In full and without alteration, write out the lines below.

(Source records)
◆ ◆ ◆ ◆ ◆ ◆ ◆

(* Let $k\in[K]$. Under (A1), (A2), (A3) and $\log p=o(n^{1/4}/\sqrt{\log n})$, $$\Big\|\frac1n\sum_{i=1}^n\Big(\frac{\gamma_{i,k}(\hat{\boldsymbol{\theta}})}{\hat\sigma_k^2}-\frac{\gamma_{i,k}(\boldsymbol{\theta})}{\sigma_k^2}\Big)(y_i-\boldsymbol{x}_i^T\boldsymbol{\beta}_k)\boldsymbol{x}_i\Big\|_\infty=o_p(1).$$
   Context: Setting. Data $(\boldsymbol{x}_i,y_i)\in\mathbb{R}^p\times\mathbb{R}$, $i\in[n]$, are i.i.d. draws from the mixture of experts (MoE) model with $K$ components: a latent label $z\in[K]$ satisfies $\mathbb{P}(z=k\mid\boldsymbol{x})=\pi_k(\boldsymbol{x})=\exp(\boldsymbol{x}^T\boldsymbol{\alpha}_k)/\sum_{\ell=1}^K\exp(\boldsymbol{x}^T\boldsymbol{\alpha}_\ell)$, and $y\mid\boldsymbol{x},z=k\sim N(\boldsymbol{x}^T\boldsymbol{\beta}_k,\sigma_k^2)$. The true parameter is $\boldsymbol{\theta}=(\{\boldsymbol{\beta}_k,\boldsymbol{\alpha}_k,\sigma_k\}_{k\in[K]})$. Asymptotics: $n\to\infty$, $p=p(n)\to\infty$, $K$ fixed. Let $\phi_k(\boldsymbol{x},y)=\frac{1}{\sqrt{2\pi}\sigma_k}\exp\!\big(-\frac{(y-\boldsymbol{x}^T\boldsymbol{\beta}_k)^2}{2\sigma_k^2}\big)$ and define the responsibilities $\gamma_{i,k}(\boldsymbol{\theta})=\pi_k(\boldsymbol{x}_i)\phi_k(\boldsymbol{x}_i,y_i)/\sum_{\ell=1}^K\pi_\ell(\boldsymbol{x}_i)\phi_\ell(\boldsymbol{x}_i,y_i)$; $\gamma_{i,k}(\hat{\boldsymbol{\theta}})$ denotes the same expression with all parameters replaced by those of $\hat{\boldsymbol{\theta}}=(\{\hat{\boldsymbol{\beta}}_k,\hat{\boldsymbol{\alpha}}_k,\hat\sigma_k\}_{k\in[K]})$, an arbitrary estimator of $\boldsymbol{\theta}$. Assumptions. (A1) $\max_{k\in[K]}\big(\|\hat{\boldsymbol{\beta}}_k-\boldsymbol{\beta}_k\|_1+\|\hat{\boldsymbol{\alpha}}_k-\boldsymbol{\alpha}_k\|_1+|\hat\sigma_k-\sigma_k|\big)=O_p(\eta_{\rm est})$ for a deterministic sequence $\eta_{\rm est}$ with $\sqrt{n}\log(np)\eta_{\rm est}^2=o(1)$. (A2) There is a positive semidefinite $\boldsymbol{\Sigma}\in\mathbb{R}^{p\times p}$ with $\|\boldsymbol{\Sigma}\|_{\rm op}\le C_\Sigma$ for a constant $C_\Sigma$, and the vectors $\boldsymbol{\Sigma}^{-1/2}\boldsymbol{x}_i$ are independent, mean zero, sub-Gaussian with sub-Gaussian norm $O(1)$. (A3) The $\sigma_k^2$ are strictly positive bounded constants and $\max_{k,\ell\in[K]}\|\boldsymbol{\beta}_k-\boldsymbol{\beta}_\ell\|_2=O(1)$. *)

theory Defs
  imports "HOL-Probability.Probability" "HOL-Library.Landau_Symbols"
begin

◆ ◆ ◆ ◆ ◆ ◆ ◆

**OUTPUT FOR THIS TASK:**
(* Let $k\in[K]$. Under (A1), (A2), (A3) and $\log p=o(n^{1/4}/\sqrt{\log n})$, $$\Big\|\frac1n\sum_{i=1}^n\Big(\frac{\gamma_{i,k}(\hat{\boldsymbol{\theta}})}{\hat\sigma_k^2}-\frac{\gamma_{i,k}(\boldsymbol{\theta})}{\sigma_k^2}\Big)(y_i-\boldsymbol{x}_i^T\boldsymbol{\beta}_k)\boldsymbol{x}_i\Big\|_\infty=o_p(1).$$
   Context: Setting. Data $(\boldsymbol{x}_i,y_i)\in\mathbb{R}^p\times\mathbb{R}$, $i\in[n]$, are i.i.d. draws from the mixture of experts (MoE) model with $K$ components: a latent label $z\in[K]$ satisfies $\mathbb{P}(z=k\mid\boldsymbol{x})=\pi_k(\boldsymbol{x})=\exp(\boldsymbol{x}^T\boldsymbol{\alpha}_k)/\sum_{\ell=1}^K\exp(\boldsymbol{x}^T\boldsymbol{\alpha}_\ell)$, and $y\mid\boldsymbol{x},z=k\sim N(\boldsymbol{x}^T\boldsymbol{\beta}_k,\sigma_k^2)$. The true parameter is $\boldsymbol{\theta}=(\{\boldsymbol{\beta}_k,\boldsymbol{\alpha}_k,\sigma_k\}_{k\in[K]})$. Asymptotics: $n\to\infty$, $p=p(n)\to\infty$, $K$ fixed. Let $\phi_k(\boldsymbol{x},y)=\frac{1}{\sqrt{2\pi}\sigma_k}\exp\!\big(-\frac{(y-\boldsymbol{x}^T\boldsymbol{\beta}_k)^2}{2\sigma_k^2}\big)$ and define the responsibilities $\gamma_{i,k}(\boldsymbol{\theta})=\pi_k(\boldsymbol{x}_i)\phi_k(\boldsymbol{x}_i,y_i)/\sum_{\ell=1}^K\pi_\ell(\boldsymbol{x}_i)\phi_\ell(\boldsymbol{x}_i,y_i)$; $\gamma_{i,k}(\hat{\boldsymbol{\theta}})$ denotes the same expression with all parameters replaced by those of $\hat{\boldsymbol{\theta}}=(\{\hat{\boldsymbol{\beta}}_k,\hat{\boldsymbol{\alpha}}_k,\hat\sigma_k\}_{k\in[K]})$, an arbitrary estimator of $\boldsymbol{\theta}$. Assumptions. (A1) $\max_{k\in[K]}\big(\|\hat{\boldsymbol{\beta}}_k-\boldsymbol{\beta}_k\|_1+\|\hat{\boldsymbol{\alpha}}_k-\boldsymbol{\alpha}_k\|_1+|\hat\sigma_k-\sigma_k|\big)=O_p(\eta_{\rm est})$ for a deterministic sequence $\eta_{\rm est}$ with $\sqrt{n}\log(np)\eta_{\rm est}^2=o(1)$. (A2) There is a positive semidefinite $\boldsymbol{\Sigma}\in\mathbb{R}^{p\times p}$ with $\|\boldsymbol{\Sigma}\|_{\rm op}\le C_\Sigma$ for a constant $C_\Sigma$, and the vectors $\boldsymbol{\Sigma}^{-1/2}\boldsymbol{x}_i$ are independent, mean zero, sub-Gaussian with sub-Gaussian norm $O(1)$. (A3) The $\sigma_k^2$ are strictly positive bounded constants and $\max_{k,\ell\in[K]}\|\boldsymbol{\beta}_k-\boldsymbol{\beta}_\ell\|_2=O(1)$. *)

theory Defs
  imports "HOL-Probability.Probability" "HOL-Library.Landau_Symbols"
begin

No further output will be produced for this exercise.